**Problem statement:**
Scan the data, and whenever a line contains "moreover", copy it.

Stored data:
▬▬▬

lemma pd_vec_nth:
  fixes j :: "'n::finite"
  shows "pd i (\<lambda>x. x $ j) = (\<lambda>x. if i = j then 1 else 0)"
proof
  fix x :: "real^'n"
  have "((\<lambda>x::real^'n. x $ j) has_derivative (\<lambda>x. x $ j)) (at x)"
    by (simp add: bounded_linear_imp_has_derivative bounded_linear_vec_nth)
  then show "pd i (\<lambda>x. x $ j) x = (if i = j then 1 else 0)"
    by (simp add: pd_at axis_def)
qed

lemma pd_comp:
  assumes "(\<theta> has_real_derivative d) (at (f x))" "f differentiable (at x)"
  shows "pd i (\<lambda>x. \<theta> (f x)) x = d * pd i f x"
proof -
  have "(f has_derivative frechet_derivative f (at x)) (at x)"
    using assms(2) frechet_derivative_works by blast
  moreover have "(\<theta> has_derivative (*) d) (at (f x))"
    using assms(1) by (simp add: has_field_derivative_def)
  ultimately show ?thesis
    using pd_at[OF diff_chain_at, unfolded o_def] by (simp add: pd_def)
qed

text \<open>An order-indexed characterisation of \<open>smooth\<close>, so that its closure properties can be
  proved by induction on the order.\<close>

fun smooth_upto :: "nat \<Rightarrow> (real^'n::finite \<Rightarrow> real) \<Rightarrow> bool" where
  "smooth_upto 0 f \<longleftrightarrow> (\<forall>x. f differentiable (at x))"
| "smooth_upto (Suc n) f \<longleftrightarrow> (\<forall>x. f differentiable (at x)) \<and> (\<forall>i. smooth_upto n (pd i f))"

lemma smooth_upto_differentiable: "smooth_upto n f \<Longrightarrow> f differentiable (at x)"
  by (cases n) auto

lemma smooth_upto_Suc_imp: "smooth_upto (Suc n) f \<Longrightarrow> smooth_upto n f"
  by (induction n arbitrary: f) auto

lemma iter_pd_append: "iter_pd (is @ [i]) f = iter_pd is (pd i f)"
  by (induction "is") auto

lemma smooth_iff_smooth_upto: "smooth f \<longleftrightarrow> (\<forall>n. smooth_upto n f)"
proof -
  have "smooth_upto n f" if "\<forall>is x. iter_pd is f differentiable (at x)" for n f
    using that
  proof (induction n arbitrary: f)
    case 0
    then show ?case using 0[rule_format, of "[]"] by simp
  next
    case (Suc n)
    have "smooth_upto n (pd i f)" for i
      using Suc.IH[of "pd i f"] Suc.prems by (metis iter_pd_append)
    then show ?case using Suc.prems[rule_format, of "[]"] by simp
  qed
  moreover have "iter_pd is f differentiable (at x)" if "\<forall>n. smooth_upto n f" for "is" f x
    using that
  proof (induction "is" arbitrary: f rule: rev_induct)
    case Nil
    then show ?case by (auto intro: smooth_upto_differentiable)
  next
    case (snoc i "is")
    then have "\<forall>n. smooth_upto n (pd i f)"
      by (metis smooth_upto.simps(2))
    then show ?case using snoc.IH by (simp add: iter_pd_append)
  qed
  ultimately show ?thesis unfolding smooth_def by blast
qed

lemma smooth_upto_const: "smooth_upto n (\<lambda>x. c)"
  by (induction n arbitrary: c) (auto simp: pd_const)

lemma smooth_upto_vec_nth: "smooth_upto n (\<lambda>x. x $ j)"
  by (cases n) (auto simp: pd_vec_nth smooth_upto_const bounded_linear_vec_nth
      bounded_linear_imp_differentiable)

lemma smooth_upto_add: "smooth_upto n f \<Longrightarrow> smooth_upto n g \<Longrightarrow> smooth_upto n (\<lambda>x. f x + g x)"
  by (induction n arbitrary: f g) (auto simp: pd_add)

lemma smooth_upto_mult: "smooth_upto n f \<Longrightarrow> smooth_upto n g \<Longrightarrow> smooth_upto n (\<lambda>x. f x * g x)"
proof (induction n arbitrary: f g)
  case (Suc n)
  have "smooth_upto n (\<lambda>x. pd i f x * g x + f x * pd i g x)" for i
    using Suc by (intro smooth_upto_add Suc.IH) (auto intro: smooth_upto_Suc_imp)
  then show ?case using Suc.prems by (simp add: pd_mult)
qed auto

lemma smooth_upto_sum:
  "finite S \<Longrightarrow> (\<And>i. i \<in> S \<Longrightarrow> smooth_upto n (f i)) \<Longrightarrow> smooth_upto n (\<lambda>x. \<Sum>i\<in>S. f i x)"
  by (induction S rule: finite_induct) (auto simp: smooth_upto_const smooth_upto_add)

lemma smooth_upto_inverse:
  "smooth_upto n f \<Longrightarrow> (\<And>x. f x \<noteq> 0) \<Longrightarrow> smooth_upto n (\<lambda>x. 1 / f x)"
proof (induction n)
  case 0
  then show ?case by (simp add: differentiable_divide)
next
  case (Suc n)
  have "pd i (\<lambda>x. 1 / f x) = (\<lambda>x. (- pd i f x) * (1 / f x) * (1 / f x))" for i
  proof
    fix x
    have "((\<lambda>s. 1 / s) has_real_derivative - 1 / (f x * f x)) (at (f x))"
      using Suc.prems(2)[of x] by (auto intro!: derivative_eq_intros simp: power2_eq_square)
    with Suc.prems show "pd i (\<lambda>x. 1 / f x) x = (- pd i f x) * (1 / f x) * (1 / f x)"
      by (simp add: pd_comp smooth_upto_differentiable)
  qed
  moreover have "smooth_upto n (\<lambda>x. (- pd i f x) * (1 / f x) * (1 / f x))" for i
  proof -
    have "smooth_upto n (\<lambda>x. (-1) * pd i f x)"
      using Suc.prems by (intro smooth_upto_mult smooth_upto_const) auto
    then have "smooth_upto n (\<lambda>x. - pd i f x)"
      by simp
    moreover have "smooth_upto n (\<lambda>x. 1 / f x)"
      using Suc smooth_upto_Suc_imp by blast
    ultimately show ?thesis
      by (intro smooth_upto_mult)
  qed
  ultimately show ?case using Suc.prems by (simp only: smooth_upto.simps) (simp add: differentiable_divide)
qed

definition derivative_seq :: "(nat \<Rightarrow> real \<Rightarrow> real) \<Rightarrow> bool" where
  "derivative_seq ds \<longleftrightarrow> (\<forall>m s. (ds m has_real_derivative ds (Suc m) s) (at s))"

lemma derivative_seq_comp_differentiable:
  assumes "derivative_seq ds" "f differentiable (at x)"
  shows "(\<lambda>x. ds m (f x)) differentiable (at x)"
proof -
  have "ds m differentiable (at (f x))"
    using assms(1) unfolding derivative_seq_def
    by (meson differentiableI has_field_derivative_imp_has_derivative)
  from differentiable_chain_at[OF assms(2) this] show ?thesis
    by (simp add: o_def)
qed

▬▬▬

**Solution for this exercise:**
  moreover have "(\<theta> has_derivative (*) d) (at (f x))"
  moreover have "iter_pd is f differentiable (at x)" if "\<forall>n. smooth_upto n f" for "is" f x
  moreover have "smooth_upto n (\<lambda>x. (- pd i f x) * (1 / f x) * (1 / f x))" for i
    moreover have "smooth_upto n (\<lambda>x. 1 / f x)"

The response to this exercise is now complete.